Matters soon came to the culminating point. The members of the Allied Military Mission had received full powers to force the commanders of the troops of occupation to obey the decisions of the Conference, and when they were confronted with M. Diamandi, the ex-Minister to Petrograd, they issued their orders in the name of the Supreme Council. "We take orders here only from our own government, which is in Bucharest," was the answer they received. The Rumanians have a proverb which runs: "Even a donkey will not fall twice into the same quicksand," and they may have quoted it to General Gorton when refusing to follow the Allies after their previous painful experience. Then the mission telegraphed to Paris for further instructions.[173] In the meanwhile the Rumanian government had sent its answer to the three notes of the Council. And its tenor was firm and unyielding.
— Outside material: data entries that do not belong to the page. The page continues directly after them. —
(* A nonnegative matrix $M\in\mathbb{R}_+^{p\times q}$ is a slack matrix of a polyhedral cone if and only if $$\{Mz : z\in\mathbb{R}_+^q\}=\{Mz: z\in\mathbb{R}^q\}\cap\mathbb{R}_+^p,$$ i.e., the cone spanned by the columns of $M$ coincides with the set of nonnegative vectors in the column span of $M$.
   Context: A matrix $S\in\mathbb{R}^{p\times q}$ is a slack matrix of a polyhedral cone $K\subseteq\mathbb{R}^n$ if there are matrices $A\in\mathbb{R}^{p\times n}$ and $B\in\mathbb{R}^{n\times q}$ with $K=\{x\in\mathbb{R}^n: x^TB\ge 0\}=\{y^TA: y\in\mathbb{R}_+^p\}$ and $S=AB$. A matrix is a slack matrix of a polyhedral cone if it is a slack matrix of some polyhedral cone. *)

theory Defs
  imports "Jordan_Normal_Form.Matrix"
begin

definition nonneg_vec :: "real vec \<Rightarrow> bool" where
  "nonneg_vec v \<longleftrightarrow> (\<forall>i < dim_vec v. v $ i \<ge> 0)"

text \<open>S (p x q) is a slack matrix of the polyhedral cone K in R^n: there are A (p x n) and
 B (n x q) with K = {x. x^T B \<ge> 0} = {y^T A. y \<ge> 0} and S = A B.
 Row vectors x^T B and y^T A are represented by the column vectors B^T x and A^T y.\<close>

definition slack_matrix_of_cone :: "real mat \<Rightarrow> nat \<Rightarrow> real vec set \<Rightarrow> bool" where
  "slack_matrix_of_cone S n K \<longleftrightarrow>
     (\<exists>A B. A \<in> carrier_mat (dim_row S) n \<and> B \<in> carrier_mat n (dim_col S) \<and>
        K = {x \<in> carrier_vec n. nonneg_vec (transpose_mat B *\<^sub>v x)} \<and>
        K = {transpose_mat A *\<^sub>v y | y. y \<in> carrier_vec (dim_row S) \<and> nonneg_vec y} \<and>
        S = A * B)"

definition is_slack_matrix_of_polyhedral_cone :: "real mat \<Rightarrow> bool" where
  "is_slack_matrix_of_polyhedral_cone S \<longleftrightarrow> (\<exists>n K. slack_matrix_of_cone S n K)"

end

theory Submission
  imports Defs
begin

text \<open>Both directions rest on Farkas' lemma.
If \<open>M = A B\<close> is a slack matrix of \<open>K\<close> and \<open>v = M z \<ge> 0\<close>, then either \<open>B z\<close> is a
nonnegative combination of the columns of \<open>B\<close>, which gives \<open>v = M z'\<close> with \<open>z' \<ge> 0\<close>, or
some \<open>u\<close> with \<open>B\<^sup>T u \<ge> 0\<close> has \<open>\<langle>B z, u\<rangle> < 0\<close>; but then \<open>u \<in> K\<close>, so \<open>u = A\<^sup>T y\<close>
with \<open>y \<ge> 0\<close> and \<open>\<langle>B z, u\<rangle> = \<langle>y, v\<rangle> \<ge> 0\<close>.
Conversely, take a rank factorization \<open>M = A B\<close> (\<open>A\<close> injective, \<open>B\<close> surjective) and
\<open>K = {x. B\<^sup>T x \<ge> 0}\<close>. Since \<open>M \<ge> 0\<close>, \<open>K\<close> contains the cone spanned by the rows of \<open>A\<close>.
A point \<open>x \<in> K\<close> outside that cone is separated by some \<open>w\<close> with \<open>A w \<ge> 0\<close>; writing
\<open>w = B z\<close>, the hypothesis gives \<open>M z = M z'\<close> with \<open>z' \<ge> 0\<close>, injectivity of \<open>A\<close> gives
\<open>w = B z'\<close>, and \<open>\<langle>x, w\<rangle> = \<langle>B\<^sup>T x, z'\<rangle> \<ge> 0\<close>, a contradiction.\<close>

text \<open>Until the final translation to matrices, a vector of \<open>\<real>\<^sup>n\<close> is a function \<open>nat \<Rightarrow> real\<close>
  read on \<open>{..<n}\<close>, and a list of \<open>m\<close> such vectors is \<open>a :: nat \<Rightarrow> nat \<Rightarrow> real\<close>.\<close>

definition dot :: "nat \<Rightarrow> (nat \<Rightarrow> real) \<Rightarrow> (nat \<Rightarrow> real) \<Rightarrow> real" where
  "dot n x y = (\<Sum>k<n. x k * y k)"

lemma dot_commute: "dot n x y = dot n y x"
  unfolding dot_def by (simp add: mult.commute)

lemma dot_diff_left: "dot n (\<lambda>k. x k - t * y k) z = dot n x z - t * dot n y z"
  unfolding dot_def by (simp add: algebra_simps sum_subtractf sum_distrib_left)

lemma dot_diff_right: "dot n z (\<lambda>k. x k - t * y k) = dot n z x - t * dot n z y"
  unfolding dot_def by (simp add: algebra_simps sum_subtractf sum_distrib_left)

definition proj_hyperplane ::
  "nat \<Rightarrow> (nat \<Rightarrow> real) \<Rightarrow> (nat \<Rightarrow> real) \<Rightarrow> (nat \<Rightarrow> real) \<Rightarrow> nat \<Rightarrow> real" where
  "proj_hyperplane n c w x = (\<lambda>k. x k - (dot n x w / dot n c w) * c k)"

lemma dot_proj_hyperplane_adjoint:
  "dot n (proj_hyperplane n c w x) y = dot n x (proj_hyperplane n w c y)"
  unfolding proj_hyperplane_def dot_diff_left dot_diff_right
  by (simp add: dot_commute[of n c w] dot_commute[of n y c])

lemma dot_proj_hyperplane_normal:
  "dot n c w \<noteq> 0 \<Longrightarrow> dot n (proj_hyperplane n c w x) w = 0"
  unfolding proj_hyperplane_def dot_diff_left by simp

definition in_row_cone :: "nat \<Rightarrow> nat \<Rightarrow> (nat \<Rightarrow> nat \<Rightarrow> real) \<Rightarrow> (nat \<Rightarrow> real) \<Rightarrow> bool" where
  "in_row_cone m n a b \<longleftrightarrow> (\<exists>l. (\<forall>i<m. 0 \<le> l i) \<and> (\<forall>k<n. b k = (\<Sum>i<m. l i * a i k)))"

definition has_separating_vector ::
  "nat \<Rightarrow> nat \<Rightarrow> (nat \<Rightarrow> nat \<Rightarrow> real) \<Rightarrow> (nat \<Rightarrow> real) \<Rightarrow> bool" where
  "has_separating_vector m n a b \<longleftrightarrow> (\<exists>w. (\<forall>i<m. 0 \<le> dot n (a i) w) \<and> dot n b w < 0)"

lemma in_row_cone_of_projection:
  assumes w: "\<forall>i<m. 0 \<le> dot n (a i) w" "dot n b w < 0" "dot n (a m) w < 0"
    and proj: "in_row_cone m n (\<lambda>i. proj_hyperplane n (a m) w (a i)) (proj_hyperplane n (a m) w b)"
  shows "in_row_cone (Suc m) n a b"
proof -
  define c where "c = dot n (a m) w"
  obtain l where l: "\<forall>i<m. 0 \<le> l i"
    and comb: "\<forall>k<n. proj_hyperplane n (a m) w b k = (\<Sum>i<m. l i * proj_hyperplane n (a m) w (a i) k)"
    using proj unfolding in_row_cone_def by blast
  define S where "S = (\<Sum>i<m. l i * dot n (a i) w)"
  have "0 \<le> S" unfolding S_def using l w(1) by (auto intro!: sum_nonneg)
  define L where "L = l(m := (dot n b w - S) / c)"
  have "0 \<le> L m" unfolding L_def c_def using \<open>0 \<le> S\<close> w by (simp add: divide_nonpos_neg)
  then have "\<forall>i<Suc m. 0 \<le> L i" using l by (auto simp: L_def less_Suc_eq)
  moreover have "b k = (\<Sum>i<Suc m. L i * a i k)" if k: "k < n" for k
  proof -
    have "b k = proj_hyperplane n (a m) w b k + (dot n b w / c) * a m k"
      by (simp add: proj_hyperplane_def c_def)
    also have "proj_hyperplane n (a m) w b k = (\<Sum>i<m. l i * a i k) - S / c * a m k"
      using comb k unfolding proj_hyperplane_def S_def c_def
      by (simp add: algebra_simps sum_subtractf sum_distrib_left sum_distrib_right sum_divide_distrib)
    finally have "b k = (\<Sum>i<m. l i * a i k) + ((dot n b w - S) / c) * a m k"
      by (simp add: diff_divide_distrib algebra_simps)
    then show ?thesis by (simp add: L_def)
  qed
  ultimately show ?thesis unfolding in_row_cone_def by blast
qed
Undeterred by menaces, M. Bratiano maintained that he had done the right thing in sending troops to Budapest, imposing terms on Hungary and re-establishing order. As a matter of fact he had rendered a sterling service to all Europe, including France and Britain. For if Kuhn and his confederates had contrived to overrun Rumania, the Great Powers would have been morally bound to hasten to the assistance of their defeated ally. The press was permitted to announce that the Council of Five was preparing to accept the Rumanian position. The members of the Allied Military Mission were informed that they were not empowered to give orders to the Rumanians, but only to consult and negotiate with them, whereby all their tact and consideration were earnestly solicited.